Saya langsung melayangkan pikiran ke kampung saya. Meski hujan sederas apapun, tidak pernah sampai terjadi banjir, paling-paling jalanan pasar saja yang jadi becek minta ampun. Mungkin karena masih banyak daerah serapan air dan pohon-pohon serta hutan menghijau di sekitar kampung saya. Beda sekali dengan kota besar ini. Rasanya aneh ketika kemarin melewati Ungaran, ibukota Kabupaten yang notabene terletak di bagian ‘atas’ Semarang, jalanannya juga banjir ketika hujan. Apa mungkin selokan-selokan dan daerah aliran airnya mampet semua oleh sampah? Apa harus saya, bocah kampung pendatang ini juga yang mencari tahu problematika kota besar ini?

Maka saya tidak heran lagi kalau disuruh membandingkan dengan berita di TV kalau ‘ibukota negara’ juga sering banjir.

Sabtu,

Semarang, xx-xx-2010

Assalamua’laikum,

Emak, Bapak, Adik-adik, saya disini sehat-sehat saja. InsyaAllah ketika nanti saya sudah mulai kerja ikut pak dhe, saya bisa mengumpulkan uang untuk pulang kampung.
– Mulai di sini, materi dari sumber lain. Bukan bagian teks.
lemma zmul_in_Zser:
  assumes F: "F \<in> Zser q s av" and G: "G \<in> Zser q s av"
  shows "zmul s F G \<in> Zser q s av"
proof -
  define a where "a k = real q ^ k * gnorm av (F k)" for k
  define b where "b k = real q ^ k * gnorm av (G k)" for k
  have T: "zmul s F G n \<in> Tate s av" for n
    unfolding zmul_def using Zser_Tate[OF F] Zser_Tate[OF G] by (intro sum_in_Tate tmul_in_Tate)
  have "(\<lambda>n. real q ^ n * gnorm av (zmul s F G n)) \<longlonglongrightarrow> 0"
  proof (rule order_tendstoI)
    fix e :: real assume "e < 0"
    have "0 \<le> real q ^ n * gnorm av (zmul s F G n)" for n using gnorm_nonneg[OF T] by simp
    then show "\<forall>\<^sub>F n in sequentially. e < real q ^ n * gnorm av (zmul s F G n)"
      by (intro always_eventually allI less_le_trans[OF \<open>e < 0\<close>])
  next
    fix e :: real assume "0 < e"
    have "a \<longlonglongrightarrow> 0" "b \<longlonglongrightarrow> 0"
      unfolding a_def b_def by (rule Zser_tendsto[OF F], rule Zser_tendsto[OF G])
    then have "\<forall>\<^sub>F n in sequentially. \<forall>k\<le>n. \<bar>a k * b (n - k)\<bar> < e / 2"
      using \<open>0 < e\<close> by (intro eventually_convolution_small) simp_all
    then show "\<forall>\<^sub>F n in sequentially. real q ^ n * gnorm av (zmul s F G n) < e"
    proof (rule eventually_mono)
      fix n assume small: "\<forall>k\<le>n. \<bar>a k * b (n - k)\<bar> < e / 2"
      have "real q ^ n * gnorm av (zmul s F G n) \<le> e / 2"
      proof (rule weighted_gnorm_zmul_le[OF Zser_Tate[OF F] Zser_Tate[OF G]])
        show "(real q ^ k * gnorm av (F k)) * (real q ^ (n - k) * gnorm av (G (n - k))) \<le> e / 2"
          if "k \<le> n" for k
          using small that by (fastforce simp: a_def b_def)
      qed (use \<open>0 < e\<close> in simp)
      then show "real q ^ n * gnorm av (zmul s F G n) < e" using \<open>0 < e\<close> by simp
    qed
  qed
  then show ?thesis using T by (simp add: Zser_def)
qed

lemma sum_in_Zser:
  assumes "\<And>i. i \<in> I \<Longrightarrow> F i \<in> Zser q s av" and "finite I"
  shows "(\<lambda>n \<alpha>. \<Sum>i\<in>I. F i n \<alpha>) \<in> Zser q s av"
proof -
  have T: "(\<lambda>\<alpha>. \<Sum>i\<in>I. F i n \<alpha>) \<in> Tate s av" for n
    using assms by (intro sum_in_Tate Zser_Tate)
  have upper: "real q ^ n * gnorm av (\<lambda>\<alpha>. \<Sum>i\<in>I. F i n \<alpha>) \<le> (\<Sum>i\<in>I. real q ^ n * gnorm av (F i n))" for n
  proof -
    have "gnorm av (\<lambda>\<alpha>. \<Sum>i\<in>I. F i n \<alpha>) \<le> (\<Sum>i\<in>I. gnorm av (F i n))"
      using assms by (intro gnorm_sum_le Zser_Tate) auto
    then show ?thesis by (simp add: mult_left_mono flip: sum_distrib_left)
  qed
  have lower: "0 \<le> real q ^ n * gnorm av (\<lambda>\<alpha>. \<Sum>i\<in>I. F i n \<alpha>)" for n
    using gnorm_nonneg[OF T] by simp
  have "(\<lambda>n. \<Sum>i\<in>I. real q ^ n * gnorm av (F i n)) \<longlonglongrightarrow> 0"
    using assms by (intro tendsto_null_sum Zser_tendsto)
  then have "(\<lambda>n. real q ^ n * gnorm av (\<lambda>\<alpha>. \<Sum>i\<in>I. F i n \<alpha>)) \<longlonglongrightarrow> 0"
    by (rule tendsto_sandwich[OF always_eventually[OF allI[OF lower]] always_eventually[OF allI[OF upper]]
          tendsto_const])
  then show ?thesis using T by (simp add: Zser_def)
qed
(* Let f(r) = sup_x |E \<inter> B(x,r)| / |B(x,r)| be the largest density of E = -S in balls of
   radius r.  Counting the pairs (z, y) with z \<in> E, y \<in> B(x,R+r) and |z - y| < r in two
   ways (Fubini) gives f(R) \<le> f(r) ((R+r)/R)^d, so f converges to its infimum and
   \<beta>(E) < 1 iff f(r) < 1 for some r.  As |S \<inter> B(x,r)| = |B(x,r)| - |E \<inter> B(x,r)|, f(r) < 1
   says that S has mass bounded below uniformly in all balls of some radius, which is
   thickness once boxes and balls are compared. *)

lemma emeasure_Int_ball_le_enlarged_ball:
  fixes E :: "'a::euclidean_space set"
  assumes E [measurable]: "E \<in> sets borel" and r: "0 < r"
    and dens: "\<And>y. emeasure lborel (E \<inter> ball y r) \<le> c * emeasure lborel (ball y r)"
  shows "emeasure lborel (E \<inter> ball x R) \<le> c * emeasure lborel (ball x (R + r))"
proof -
  define V where "V = emeasure lborel (ball (0::'a) r)"
  have V_ball: "emeasure lborel (ball y r) = V" for y :: 'a
    using r by (simp add: V_def emeasure_ball)
  have V: "V \<noteq> 0" "V \<noteq> top"
    using r unit_ball_vol_pos[of "real DIM('a)"]
    by (auto simp: V_def emeasure_ball simp del: unit_ball_vol_pos)
  define B where "B = ball x (R + r)"
  have [measurable]: "B \<in> sets borel"
    by (simp add: B_def)
  define P where "P = {p. fst p \<in> E \<and> snd p \<in> B \<and> dist (fst p) (snd p) < r}"
  have P: "P \<in> sets (lborel \<Otimes>\<^sub>M lborel)"
  proof -
    have [measurable]: "(\<lambda>p::'a \<times> 'a. dist (fst p) (snd p)) \<in> borel_measurable (borel \<Otimes>\<^sub>M borel)"
      by measurable
    have "Measurable.pred (borel \<Otimes>\<^sub>M borel) (\<lambda>p::'a \<times> 'a. p \<in> P)"
      unfolding P_def by measurable
    then show ?thesis
      by (simp add: pred_def space_pair_measure)
  qed
  have "V * emeasure lborel (E \<inter> ball x R) = (\<integral>\<^sup>+z. V * indicator (E \<inter> ball x R) z \<partial>lborel)"
    by (simp add: nn_integral_cmult_indicator)
  also have "\<dots> \<le> (\<integral>\<^sup>+z. emeasure lborel (Pair z -` P) \<partial>lborel)"
  proof (rule nn_integral_mono)
    fix z :: 'a
    have "Pair z -` P = ball z r" if "z \<in> E \<inter> ball x R"
    proof -
      have "ball z r \<subseteq> B"
        using that by (auto simp: B_def ball_subset_ball_iff dist_commute)
      then show ?thesis
        using that by (auto simp: P_def dist_commute)
    qed
    then show "V * indicator (E \<inter> ball x R) z \<le> emeasure lborel (Pair z -` P)"
      by (cases "z \<in> E \<inter> ball x R") (simp_all add: V_ball)
  qed
  also have "\<dots> = emeasure (lborel \<Otimes>\<^sub>M lborel) P"
    by (rule lborel.emeasure_pair_measure_alt[OF P, symmetric])
  also have "\<dots> = (\<integral>\<^sup>+y. emeasure lborel ((\<lambda>z. (z, y)) -` P) \<partial>lborel)"
    by (rule lborel_pair.emeasure_pair_measure_alt2[OF P])
  also have "\<dots> = (\<integral>\<^sup>+y. emeasure lborel (E \<inter> ball y r) * indicator B y \<partial>lborel)"
  proof (rule nn_integral_cong)
    fix y :: 'a
    have "(\<lambda>z. (z, y)) -` P = (if y \<in> B then E \<inter> ball y r else {})"
      by (auto simp: P_def dist_commute)
    then show "emeasure lborel ((\<lambda>z. (z, y)) -` P) = emeasure lborel (E \<inter> ball y r) * indicator B y"
      by simp
  qed
  also have "\<dots> \<le> (\<integral>\<^sup>+y. (c * V) * indicator B y \<partial>lborel)"
    using dens by (intro nn_integral_mono mult_right_mono) (simp_all add: V_ball)
  also have "\<dots> = V * (c * emeasure lborel B)"
    using nn_integral_cmult_indicator[of B lborel "c * V"] by (simp add: mult_ac)
  finally show ?thesis
    unfolding B_def ennreal_mult_le_mult_iff[OF V] .
qed

lemma measure_Int_ball_le_enlarged_ball:
  fixes E :: "'a::euclidean_space set"
  assumes E: "E \<in> sets lebesgue" and r: "0 < r" and c: "0 \<le> c"
    and dens: "\<And>y. measure lebesgue (E \<inter> ball y r) \<le> c * measure lebesgue (ball y r)"
  shows "measure lebesgue (E \<inter> ball x R) \<le> c * measure lebesgue (ball x (R + r))"
proof -
  obtain B N where B: "B \<in> sets borel" and N: "negligible N" and E_eq: "B \<union> N = E"
    using sets_lebesgue_almost_borel[OF E] .
  have B_ball: "emeasure lborel (B \<inter> ball y s) = measure lebesgue (E \<inter> ball y s)" for y s
  proof -
    have "B \<inter> ball y s \<in> lmeasurable"
      using fmeasurable_Int_fmeasurable[of "ball y s" lebesgue B] B by (simp add: Int_commute)
    moreover have "measure lebesgue (E \<inter> ball y s) = measure lebesgue (B \<inter> ball y s)"
      using calculation by (rule measure_negligible_symdiff) (rule negligible_subset[OF N], use E_eq in auto)
    moreover have "emeasure lborel (B \<inter> ball y s) = emeasure lebesgue (B \<inter> ball y s)"
      using B by simp
    ultimately show ?thesis
      by (simp add: emeasure_eq_measure2)
  qed
  have ball: "emeasure lborel (ball y s) = measure lebesgue (ball y s)" for y :: 'a and s
    using emeasure_eq_measure2[OF lmeasurable_ball, of y s] by simp
  have "emeasure lborel (B \<inter> ball y r) \<le> c * emeasure lborel (ball y r)" for y
  proof -
    have "ennreal (measure lebesgue (E \<inter> ball y r)) \<le> ennreal (c * measure lebesgue (ball y r))"
      using dens by (rule ennreal_leI)
    then show ?thesis
      using c by (simp add: B_ball ball ennreal_mult)
  qed
  from emeasure_Int_ball_le_enlarged_ball[OF B r this, of x R]
  have "ennreal (measure lebesgue (E \<inter> ball x R)) \<le> ennreal (c * measure lebesgue (ball x (R + r)))"
    using c by (simp add: B_ball ball ennreal_mult)
  then show ?thesis
    using c by (simp add: ennreal_le_iff)
qed

definition max_ball_density :: "'a::euclidean_space set \<Rightarrow> real \<Rightarrow> real" where
  "max_ball_density E r = (SUP x. measure lebesgue (E \<inter> ball x r) / measure lebesgue (ball x r))"

lemma ball_density_le_1:
  assumes "E \<in> sets lebesgue"
  shows "measure lebesgue (E \<inter> ball x r) / measure lebesgue (ball x r) \<le> 1"
proof -
  have "measure lebesgue (E \<inter> ball x r) \<le> measure lebesgue (ball x r)"
    using assms by (intro measure_mono_fmeasurable) auto
  then show ?thesis
    by (auto simp: divide_le_eq_1)
qed

lemma ball_density_le_max_ball_density:
  "E \<in> sets lebesgue \<Longrightarrow>
    measure lebesgue (E \<inter> ball x r) / measure lebesgue (ball x r) \<le> max_ball_density E r"
  unfolding max_ball_density_def
  by (rule cSUP_upper[OF UNIV_I bdd_aboveI2[where M = 1]]) (rule ball_density_le_1)

lemma max_ball_density_nonneg: "E \<in> sets lebesgue \<Longrightarrow> 0 \<le> max_ball_density E r"
  using ball_density_le_max_ball_density[of E 0 r] by (force intro: order_trans[rotated])

lemma bdd_below_max_ball_density: "E \<in> sets lebesgue \<Longrightarrow> bdd_below (max_ball_density E ` A)"
  using max_ball_density_nonneg by (intro bdd_belowI2)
Mungkin kalian berfikir saya enak bisa ke kota besar, tapi percayalah, kota ini tidak sebagus apa yang kita miliki di kampung.
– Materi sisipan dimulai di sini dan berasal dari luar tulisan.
(* Consider a sequence of matched studies indexed by $I\to\infty$ with general set sizes $n_i\ge2$, and assume Fisher's null $H_0$ holds. Let $\Gamma\in[1,\infty]^I$ (possibly depending on $I$) satisfy $\Gamma^\star\preccurlyeq\Gamma$, and suppose Conditions A1 and A2($\Gamma$) hold. Then for every $c\ge0$, $$\limsup_{I\to\infty}\mathbb P\{T\ge\mu(\Gamma)+c\,\sigma(\Gamma)\}\le 1-\Phi(c),$$ where $\Phi$ is the standard normal distribution function.
   Context: Setting: $I$ matched sets, set $i$ has $n_i\ge2$ units, $N=\sum_in_i$; potential outcomes fixed; $Z\in\mathcal Z=\{z\in\{0,1\}^N:\sum_jz_{ij}=1\ \forall i\}$ is random with true mechanism $\mathbb P(Z=z)=\prod_i\prod_j(p^\star_{ij})^{z_{ij}}$, $p^\star_{ij}\ge0$, $\sum_jp^\star_{ij}=1$; true hidden bias $\Gamma^\star_i=\max_jp^\star_{ij}/\min_kp^\star_{ik}\in[1,\infty]$; $a\preccurlyeq b$ means coordinatewise $\le$. Fisher's null $H_0$: $Y_{ij}(1)=Y_{ij}(0)$ for all $i,j$. $T=\sum_iT_i$, $T_i=\sum_jZ_{ij}q_{ij}$, $q_{ij}$ fixed functions of $Y(0)$. True moments: $\mu_i=\mathbb ET_i$, $v_i^2=\mathrm{Var}(T_i)$. Sort $q_{i(1)}\le\dots\le q_{i(n_i)}$, $R_i=q_{i(n_i)}-q_{i(1)}$. For $\Gamma_i\in[1,\infty)$ and $1\le a\le n_i-1$: $\mu_{ia}(\Gamma_i)=\frac{\sum_{j\le a}q_{i(j)}+\Gamma_i\sum_{j>a}q_{i(j)}}{a+\Gamma_i(n_i-a)}$, $v_{ia}^2(\Gamma_i)=\frac{\sum_{j\le a}q_{i(j)}^2+\Gamma_i\sum_{j>a}q_{i(j)}^2}{a+\Gamma_i(n_i-a)}-\mu_{ia}(\Gamma_i)^2$; $\mu_i(\Gamma_i)=\max_a\mu_{ia}(\Gamma_i)$ and $v_i^2(\Gamma_i)=\max\{v_{ia}^2(\Gamma_i):\mu_{ia}(\Gamma_i)=\mu_i(\Gamma_i)\}$; for $\Gamma_i=\infty$, $\mu_i(\infty)=q_{i(n_i)}$, $v_i^2(\infty)=0$. $\mu(\Gamma)=\sum_i\mu_i(\Gamma_i)$, $\sigma^2(\Gamma)=\sum_iv_i^2(\Gamma_i)$. Condition A1: $(\max_iR_i^2)/\sum_iR_i^2/(n_i\Gamma^\star_i)^3\to0$ (terms with $\Gamma^\star_i=\infty$ are $0$). Condition A2($\Gamma$): with $\mathcal A_\Gamma=\{i:v_i^2>v_i^2(\Gamma_i)\}$, $\Delta_\mu(\Gamma)=|\mathcal A_\Gamma|^{-1}\sum_{i\in\mathcal A_\Gamma}\{\mu_i(\Gamma_i)-\mu_i\}$, $\Delta_{v^2}(\Gamma)=|\mathcal A_\Gamma|^{-1}\sum_{i\in\mathcal A_\Gamma}\{v_i^2-v_i^2(\Gamma_i)\}$ (ratio $\Delta_\mu/\Delta_{v^2}$ defined as $\infty$ if $\mathcal A_\Gamma=\emptyset$), $\frac{\Delta_\mu(\Gamma)}{\Delta_{v^2}(\Gamma)}\sqrt{\sum_iR_i^2/(n_i\Gamma^\star_i)^3}\to\infty$. All quantities may depend on $I$. *)

theory Defs
  imports "HOL-Probability.Probability"
begin

(* A single matched set with n units; unit j < n has score qi j and treatment prob pr j. *)

definition sorted_q :: "nat \<Rightarrow> (nat \<Rightarrow> real) \<Rightarrow> real list" where
  "sorted_q n qi = sort (map qi [0..<n])"

definition mu_a :: "nat \<Rightarrow> (nat \<Rightarrow> real) \<Rightarrow> real \<Rightarrow> nat \<Rightarrow> real" where
  "mu_a n qi g a =
     (sum_list (take a (sorted_q n qi)) + g * sum_list (drop a (sorted_q n qi)))
     / (real a + g * (real n - real a))"

definition v2_a :: "nat \<Rightarrow> (nat \<Rightarrow> real) \<Rightarrow> real \<Rightarrow> nat \<Rightarrow> real" where
  "v2_a n qi g a =
     (sum_list (map (\<lambda>x. x\<^sup>2) (take a (sorted_q n qi)))
        + g * sum_list (map (\<lambda>x. x\<^sup>2) (drop a (sorted_q n qi))))
     / (real a + g * (real n - real a)) - (mu_a n qi g a)\<^sup>2"

definition mu_G :: "nat \<Rightarrow> (nat \<Rightarrow> real) \<Rightarrow> ereal \<Rightarrow> real" where
  "mu_G n qi G =
     (if G = \<infinity> then Max (qi ` {..<n})
      else Max ((mu_a n qi (real_of_ereal G)) ` {1..n-1}))"

definition v2_G :: "nat \<Rightarrow> (nat \<Rightarrow> real) \<Rightarrow> ereal \<Rightarrow> real" where
  "v2_G n qi G =
     (if G = \<infinity> then 0
      else Max {v2_a n qi (real_of_ereal G) a | a. a \<in> {1..n-1} \<and>
                  mu_a n qi (real_of_ereal G) a = mu_G n qi G})"

definition Gamma_star :: "nat \<Rightarrow> (nat \<Rightarrow> real) \<Rightarrow> ereal" where
  "Gamma_star n pr =
     (if Min (pr ` {..<n}) = 0 then \<infinity>
      else ereal (Max (pr ` {..<n}) / Min (pr ` {..<n})))"

definition Rng :: "nat \<Rightarrow> (nat \<Rightarrow> real) \<Rightarrow> real" where
  "Rng n qi = Max (qi ` {..<n}) - Min (qi ` {..<n})"

definition true_mu :: "nat \<Rightarrow> (nat \<Rightarrow> real) \<Rightarrow> (nat \<Rightarrow> real) \<Rightarrow> real" where
  "true_mu n pr qi = (\<Sum>j<n. pr j * qi j)"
Saya rindu dengan suasana tenang yang sejuk di pagi hari, tanpa asap kendaraan bermotor dan suara bising kerumunan manusia dengan panas matahari yang membuat saya tidak berhenti berkeringat. Saya juga rindu masakan emak yang enak dan murah tentunya, disini harga makanan mahal sekali.

Untuk Adik-adik, saran saya, sekolah yang tinggi, jangan sampai terputus di tengah jalan seperti saya. Dan kalau sudah sekolah tinggi, carilah kota besar yang nyaman, yang teratur kehidupannya, yang aman situasinya, dan ramah penduduknya.
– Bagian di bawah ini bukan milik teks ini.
lemma chebyshev_dist_triangle: "chebyshev_dist p r \<le> chebyshev_dist p q + chebyshev_dist q r"
proof -
  have "\<bar>fst p - fst r\<bar> \<le> \<bar>fst p - fst q\<bar> + \<bar>fst q - fst r\<bar>"
       "\<bar>snd p - snd r\<bar> \<le> \<bar>snd p - snd q\<bar> + \<bar>snd q - snd r\<bar>"
    by arith+
  then show ?thesis
    unfolding chebyshev_dist_def by (simp add: max_def)
qed

lemma chebyshev_dist_le_1_iff: "chebyshev_dist p q \<le> 1 \<longleftrightarrow> p = q \<or> c2_adj p q"
  unfolding chebyshev_dist_def c2_adj_def by (auto simp: prod_eq_iff)

lemma c2_continuous_chebyshev_dist_le:
  assumes "c2_continuous X f" "p \<in> X" "q \<in> X" "chebyshev_dist p q \<le> 1"
  shows "chebyshev_dist (f p) (f q) \<le> chebyshev_dist p q"
proof (cases "p = q")
  case False
  then have adj: "c2_adj p q" and dist: "chebyshev_dist p q = 1"
    using assms(4) by (auto simp: chebyshev_dist_def c2_adj_def prod_eq_iff)
  from adj assms(1-3) have "f p = f q \<or> c2_adj (f p) (f q)"
    by (simp add: c2_continuous_def)
  then show ?thesis
    unfolding dist chebyshev_dist_le_1_iff .
qed (simp add: chebyshev_dist_def)

text \<open>Equivalently: every x \<in> X is joined to a by a c2-path in X whose length is the
  Chebyshev distance from x to a.\<close>

definition chebyshev_geodesic_centre :: "pt set \<Rightarrow> pt \<Rightarrow> bool" where
  "chebyshev_geodesic_centre X a \<longleftrightarrow> a \<in> X \<and>
     (\<forall>x\<in>X. x \<noteq> a \<longrightarrow> (\<exists>y\<in>X. c2_adj x y \<and> chebyshev_dist y a < chebyshev_dist x a))"

lemma chebyshev_dist_to_fixed_centre_le:
  assumes f: "c2_continuous X f" and a: "chebyshev_geodesic_centre X a" "f a = a" and "x \<in> X"
  shows "chebyshev_dist (f x) a \<le> chebyshev_dist x a"
  using \<open>x \<in> X\<close>
proof (induction "nat (chebyshev_dist x a)" arbitrary: x rule: less_induct)
  case less
  show ?case
  proof (cases "x = a")
    case False
    with a(1) less.prems obtain y
      where y: "y \<in> X" "c2_adj x y" "chebyshev_dist y a < chebyshev_dist x a"
      by (auto simp: chebyshev_geodesic_centre_def)
    have "0 \<le> chebyshev_dist y a" by (simp add: chebyshev_dist_def)
    with y(3) have "chebyshev_dist (f y) a \<le> chebyshev_dist y a"
      by (intro less.hyps y(1)) simp
    moreover have "chebyshev_dist x y \<le> 1"
      using y(2) by (simp add: chebyshev_dist_le_1_iff)
    then have "chebyshev_dist (f x) (f y) \<le> 1"
      using c2_continuous_chebyshev_dist_le[OF f less.prems y(1)] by linarith
    ultimately show ?thesis
      using chebyshev_dist_triangle[of "f x" a "f y"] y(3) by linarith
  qed (simp add: a(2))
qed

lemma freezing_set_if_chebyshev_pinned:
  assumes "A \<subseteq> X" "G \<subseteq> A" "\<forall>a\<in>G. chebyshev_geodesic_centre X a"
    and pinned: "\<forall>x\<in>X. \<forall>y\<in>X. (\<forall>a\<in>A. (a \<in> G \<or> chebyshev_dist x a \<le> 1) \<longrightarrow>
       chebyshev_dist y a \<le> chebyshev_dist x a) \<longrightarrow> y = x"
  shows "freezing_set X A"
  unfolding freezing_set_def
proof (intro conjI allI impI ballI)
  fix f x assume f: "c2_continuous X f \<and> (\<forall>a\<in>A. f a = a)" and x: "x \<in> X"
  have "chebyshev_dist (f x) a \<le> chebyshev_dist x a"
    if "a \<in> A" "a \<in> G \<or> chebyshev_dist x a \<le> 1" for a
    using that(2)
  proof
    assume "a \<in> G"
    with assms(3) f x that(1) show ?thesis
      by (auto intro: chebyshev_dist_to_fixed_centre_le)
  next
    assume "chebyshev_dist x a \<le> 1"
    with c2_continuous_chebyshev_dist_le[of X f x a] f x that(1) assms(1) show ?thesis
      by auto
  qed
  moreover have "f x \<in> X" using f x by (auto simp: c2_continuous_def)
  ultimately show "f x = x" using pinned x by blast
qed (use assms(1) in simp)

definition c2_dominated_by :: "pt set \<Rightarrow> pt \<Rightarrow> pt \<Rightarrow> bool" where
  "c2_dominated_by X b c \<longleftrightarrow> c \<in> X \<and> c \<noteq> b \<and> (\<forall>y\<in>X. c2_adj b y \<longrightarrow> y = c \<or> c2_adj c y)"

lemma c2_continuous_fun_upd_dominated:
  assumes "c2_dominated_by X b c"
  shows "c2_continuous X (id(b := c))"
  using assms unfolding c2_dominated_by_def c2_continuous_def c2_adj_def
  by (auto simp: abs_minus_commute)

lemma dominated_mem_freezing_set:
  assumes "freezing_set X A" "b \<in> X" "c2_dominated_by X b c"
  shows "b \<in> A"
proof (rule ccontr)
  assume "b \<notin> A"
  with assms(1) c2_continuous_fun_upd_dominated[OF assms(3)] have "(id(b := c)) b = b"
    using assms(2) unfolding freezing_set_def by (metis fun_upd_other id_apply)
  with assms(3) show False by (simp add: c2_dominated_by_def)
qed

lemma minimal_freezing_set_if_dominated:
  assumes "freezing_set X A" and "\<forall>b\<in>A. \<exists>c. c2_dominated_by X b c"
  shows "minimal_freezing_set X A"
  unfolding minimal_freezing_set_def
proof (intro conjI allI impI notI)
  fix B assume "B \<subset> A" "freezing_set X B"
  moreover have "A \<subseteq> X" using assms(1) by (simp add: freezing_set_def)
  ultimately have "A \<subseteq> B" using assms(2) dominated_mem_freezing_set by blast
  with \<open>B \<subset> A\<close> show False by blast
qed (fact assms(1))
Mungkin apa yang saya ceritakan ini bukanlah kota impian seperti yang sering saya ceritakan pada Lilik, Udin dan Ahmad, adik-adikku. Tapi saya ingin kalian suatu hari nanti bias menemukan kota impian kalian sendiri.

Jaga kesehatan, doakan terus saya.

Wassalam,

Ananda dan Abang kalian,


Setya Pambudi

Saya melipat surat pertama saya untuk keluarga dikampung sambil tersenyum penuh harapan. Kota mimpi yang ada di depan mata saya sekarang adalah harapan saya untuk bias membahagiakan orang-orang yang saya cintai. Apakah kamu juga telah menemukan kota impian mu?